Abderrahim aveva paura di quel poliziotto?
"Sì, lui sapeva quando Luca lavorava e andava al bosco dopo la fine dei suoi turni per non incontrarlo. Mi diceva che voleva tornare in Marocco e non lavorare più qui, perché Carmelo glielo impediva".

Che tu sappia, Abderrahim aveva dei video, delle registrazioni, che potevano incastrare Luca?
"Forse sul suo cellulare, magari li poteva avere video in cui Luca stava picchiando la gente col martello. Anche l’altro ragazzo che lavorava insieme a lui dice che aveva qualche video, perché quando scappavano dalla polizia stavano nascosti da qualche parte e vedevano che cosa faceva Luca. E mi ha detto che qualche volta Luca potrebbe averli visti fare video".

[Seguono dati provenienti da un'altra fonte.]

(* For every $d\ge2$, $B_{d,3}(1,1)=3$.
   Context: $T_{d,3}=\bigoplus_{\ell=0}^3(\mathbb{R}^d)^{\otimes\ell}$ is the truncated tensor algebra with product the bilinear extension of the tensor product of levels, set to $0$ when the total level exceeds $3$. $\mathfrak{g}_{d,3}$ is the smallest Lie subalgebra (commutator bracket) containing $e_1,\dots,e_d$; $\exp(\mathbf{z})=\sum_{\ell=0}^3\mathbf{z}^{\otimes\ell}/\ell!$; $\mathcal{G}_{d,3}=\exp(\mathfrak{g}_{d,3})$ (a group), $\log=\exp^{-1}$. For $\mathbf{x}\in\mathcal{G}_{d,3}^N$, $\mathsf{bary}(\mathbf{x})$ is the unique $\mathbf{m}$ with $\sum_i\log(\mathbf{m}^{-1}\mathbf{x}_i)=0$. For a path $X:[0,1]\to\mathbb{R}^d$ its $3$-truncated signature $\sigma(X)\in\mathcal{G}_{d,3}$ has $\sigma^{(0)}=1$ and $\sigma^{(\ell)}_{w_1\dots w_\ell}=\int_{0<t_1<\dots<t_\ell<1}\dot X_{w_1}(t_1)\cdots\dot X_{w_\ell}(t_\ell)\,dt$. $\mathcal{L}^{\mathrm{im}}_{d,\le 3,m}$ is the set of $\sigma(X)$ for piecewise linear $X:[0,1]\to\mathbb{R}^d$ with $m$ segments, and $B_{d,3}(\alpha)=\min\{m\in\mathbb{N}:\mathsf{bary}(\mathcal{L}^{\mathrm{im}}_{d,\le 3,\alpha_1}\times\dots\times\mathcal{L}^{\mathrm{im}}_{d,\le 3,\alpha_N})\subseteq\mathcal{L}^{\mathrm{im}}_{d,\le 3,m}\}$. *)

theory Defs
  imports "HOL-Analysis.Analysis"
begin

text \<open>Truncated tensor algebra T_{d,3}: an element is a coefficient function on words
  over the alphabet 'd (the basis e_w of tensors, w a word), vanishing on words of length > 3.\<close>

type_synonym 'd tens = "'d list \<Rightarrow> real"

definition Tset :: "'d tens set" where
  "Tset = {x. \<forall>w. 3 < length w \<longrightarrow> x w = 0}"

definition tzero :: "'d tens" where "tzero = (\<lambda>w. 0)"
definition tone :: "'d tens" where "tone = (\<lambda>w. if w = [] then 1 else 0)"
definition tbasis :: "'d \<Rightarrow> 'd tens" where "tbasis i = (\<lambda>w. if w = [i] then 1 else 0)"
definition tadd :: "'d tens \<Rightarrow> 'd tens \<Rightarrow> 'd tens" where "tadd x y = (\<lambda>w. x w + y w)"
definition tsub :: "'d tens \<Rightarrow> 'd tens \<Rightarrow> 'd tens" where "tsub x y = (\<lambda>w. x w - y w)"
definition tscale :: "real \<Rightarrow> 'd tens \<Rightarrow> 'd tens" where "tscale c x = (\<lambda>w. c * x w)"

definition tmul :: "'d tens \<Rightarrow> 'd tens \<Rightarrow> 'd tens" where
  "tmul x y = (\<lambda>w. if length w \<le> 3
      then (\<Sum>k\<in>{0..length w}. x (take k w) * y (drop k w)) else 0)"

definition tbracket :: "'d tens \<Rightarrow> 'd tens \<Rightarrow> 'd tens" where
  "tbracket x y = tsub (tmul x y) (tmul y x)"

text \<open>The free step-3 nilpotent Lie algebra g_{d,3}: the smallest Lie subalgebra
  (linear subspace closed under the commutator) containing e_1, ..., e_d.\<close>
inductive_set lie_gen :: "'d tens set" where
  gen: "tbasis i \<in> lie_gen"
| add: "x \<in> lie_gen \<Longrightarrow> y \<in> lie_gen \<Longrightarrow> tadd x y \<in> lie_gen"
| scale: "x \<in> lie_gen \<Longrightarrow> tscale c x \<in> lie_gen"
| bracket: "x \<in> lie_gen \<Longrightarrow> y \<in> lie_gen \<Longrightarrow> tbracket x y \<in> lie_gen"

definition texp :: "'d tens \<Rightarrow> 'd tens" where
  "texp z = tadd (tadd (tadd tone z) (tscale (1/2) (tmul z z)))
                 (tscale (1/6) (tmul z (tmul z z)))"

definition Ggrp :: "'d tens set" where "Ggrp = texp ` lie_gen"

definition tlog :: "'d tens \<Rightarrow> 'd tens" where "tlog = inv_into lie_gen texp"

definition tinv :: "'d tens \<Rightarrow> 'd tens" where
  "tinv x = (THE y. y \<in> Tset \<and> tmul x y = tone \<and> tmul y x = tone)"

definition bary :: "'d tens list \<Rightarrow> 'd tens" where
  "bary xs = (THE m. m \<in> Ggrp \<and>
      (\<forall>w. (\<Sum>i<length xs. tlog (tmul (tinv m) (xs ! i)) w) = 0))"
lemma wf_bp_extended: "wf_bp n N'"
proof
  show "npre N' x \<subseteq> conds N'" if "x \<in> events N'" for x
    using that M_conds npre_conds[of x] by (auto simp: events_ext conds_ext npre_new npre_old)
  show "npost N' x \<subseteq> conds N'" if "x \<in> events N'" for x
    using that npost_conds[of x] by (auto simp: events_ext conds_ext npost_new npost_old)
  show "npre N' x \<noteq> {}" if "x \<in> events N'" for x
    using that npre_nonempty[of x] comp_M(2) t_nonidle by (auto simp: events_ext npre_new npre_old)
  show "inj_on (comp_of N') (npre N' x)" if "x \<in> events N'" for x
    using that comp_M(1) inj_npre[of x] comp_of_old_cong npre_conds[of x]
    by (auto simp: events_ext npre_new npre_old)
  show "inj_on (comp_of N') (npost N' x)" if "x \<in> events N'" for x
    using that comp_Q(1) inj_npost[of x] comp_of_old_cong npost_conds[of x]
    by (auto simp: events_ext npost_new npost_old)
  show "comp_of N' ` npre N' x = comp_of N' ` npost N' x" if "x \<in> events N'" for x
  proof (cases "x = e")
    case True
    then show ?thesis using comp_M(2) comp_Q(2) by (simp add: npre_new npost_new)
  next
    case False
    then have x: "x \<in> events N" using that events_ext by blast
    then show ?thesis
      using comp_npre_npost[OF x] comp_of_old_cong(2)[OF npre_conds[OF x]]
        comp_of_old_cong(2)[OF npost_conds[OF x]]
      by (simp add: npre_old npost_old)
  qed
  show "x = y" if "x \<in> events N'" "y \<in> events N'" "npost N' x \<inter> npost N' y \<noteq> {}" for x y
    using that by (rule unique_producer_extended)
  show "comp_of N' b < n" if "b \<in> conds N'" for b
  proof (cases "b \<in> Q")
    case True
    then have "t (comp_of N' b) \<noteq> None" using comp_Q(2) by blast
    then show ?thesis using t_idle_beyond by (meson not_le)
  next
    case False
    then show ?thesis using that comp_less comp_of_old by (auto simp: conds_ext)
  qed
  have "init_mark N' \<subseteq> init_mark N"
    unfolding init_mark_def using fresh_conds npost_old
    by (auto simp: conds_ext events_ext npost_new)
  moreover have "init_mark N \<subseteq> conds N" unfolding init_mark_def by blast
  ultimately show "inj_on (comp_of N') (init_mark N')"
    using comp_of_old_cong(1) inj_on_subset[OF inj_init_mark] by (metis subset_trans)
  show "acyclic (ev_step N')" by (rule acyclic_ev_step_extended)
  show "conflict_free N' (local_conf N' x)" if "x \<in> events N'" for x
  proof (cases "x = e")
    case False
    then have x: "x \<in> events N" using that events_ext by blast
    then have "conflict_free N' (local_conf N x)"
      using conflict_free_old[OF local_conf_events] conflict_free_local_conf[OF x] by blast
    then show ?thesis using local_conf_old[OF x] by (rule conflict_free_subset)
  qed (simp add: conflict_free_local_conf_new)
qed

end

lemma wf_bp_base:
  assumes "events N = {}" "bij_betw (clab N) (conds N) {(j, init (A j)) | j. j < n}"
  shows "wf_bp n N"
proof
  have labels: "\<exists>j<n. clab N b = (j, init (A j))" if "b \<in> conds N" for b
    using assms(2) that unfolding bij_betw_def by blast
  then show "comp_of N b < n" if "b \<in> conds N" for b
    using that unfolding comp_of_def by force
  have "inj_on (comp_of N) (conds N)"
  proof (rule inj_onI)
    fix b1 b2 assume b: "b1 \<in> conds N" "b2 \<in> conds N" "comp_of N b1 = comp_of N b2"
    then have "clab N b1 = clab N b2" using labels[OF b(1)] labels[OF b(2)] unfolding comp_of_def by auto
    then show "b1 = b2" using assms(2) b(1,2) unfolding bij_betw_def by (auto dest: inj_onD)
  qed
  then show "inj_on (comp_of N) (init_mark N)" unfolding init_mark_def by (simp add: assms(1))
  show "acyclic (ev_step N)" using assms(1) by (simp add: ev_step_def acyclic_def)
qed (use assms(1) in auto)

lemma fin_bp_wf_bp: "fin_bp A n N \<Longrightarrow> wf_bp n N"
proof (induction rule: fin_bp.induct)
  case (base N)
  then show ?case by (rule wf_bp_base)
next
  case (extend N K M t e Q N')
  interpret bp_extension n N A N' K M t e Q
    by (rule bp_extension.intro[OF extend.IH], unfold_locales) (use extend.hyps in auto)
  show ?case by (rule wf_bp_extended)
qed

lemma subnet_ev_step: "subnet N1 N2 \<Longrightarrow> ev_step N1 \<subseteq> ev_step N2"
  unfolding subnet_def agrees_def ev_step_def by auto

lemma subnet_local_conf:
  assumes "subnet N1 N2"
  shows "local_conf N1 e \<subseteq> local_conf N2 e"
proof
  fix x assume "x \<in> local_conf N1 e"
  then have "x \<in> events N1" "x = e \<or> (x, e) \<in> (ev_step N1)\<^sup>+" by (simp_all add: local_conf_iff)
  moreover have "events N1 \<subseteq> events N2" "(ev_step N1)\<^sup>+ \<subseteq> (ev_step N2)\<^sup>+"
    using assms subnet_ev_step[OF assms] unfolding subnet_def by (auto intro: trancl_mono)
  ultimately show "x \<in> local_conf N2 e" by (auto simp: local_conf_iff)
qed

Come si comportava l'agente Cinturrino nel bosco?
"Ogni volta che entrava picchiava la gente, arrivava ogni mattina a prendere le cose: cocaina la vendeva, il resto lo metteva in tasca e non so…"

Era da solo?
"No, lo faceva davanti a uno che stava sempre insieme a lui, un altro poliziotto. Mi chiedo: come mai i suoi colleghi, gli altri agenti, non parlano di queste cose?"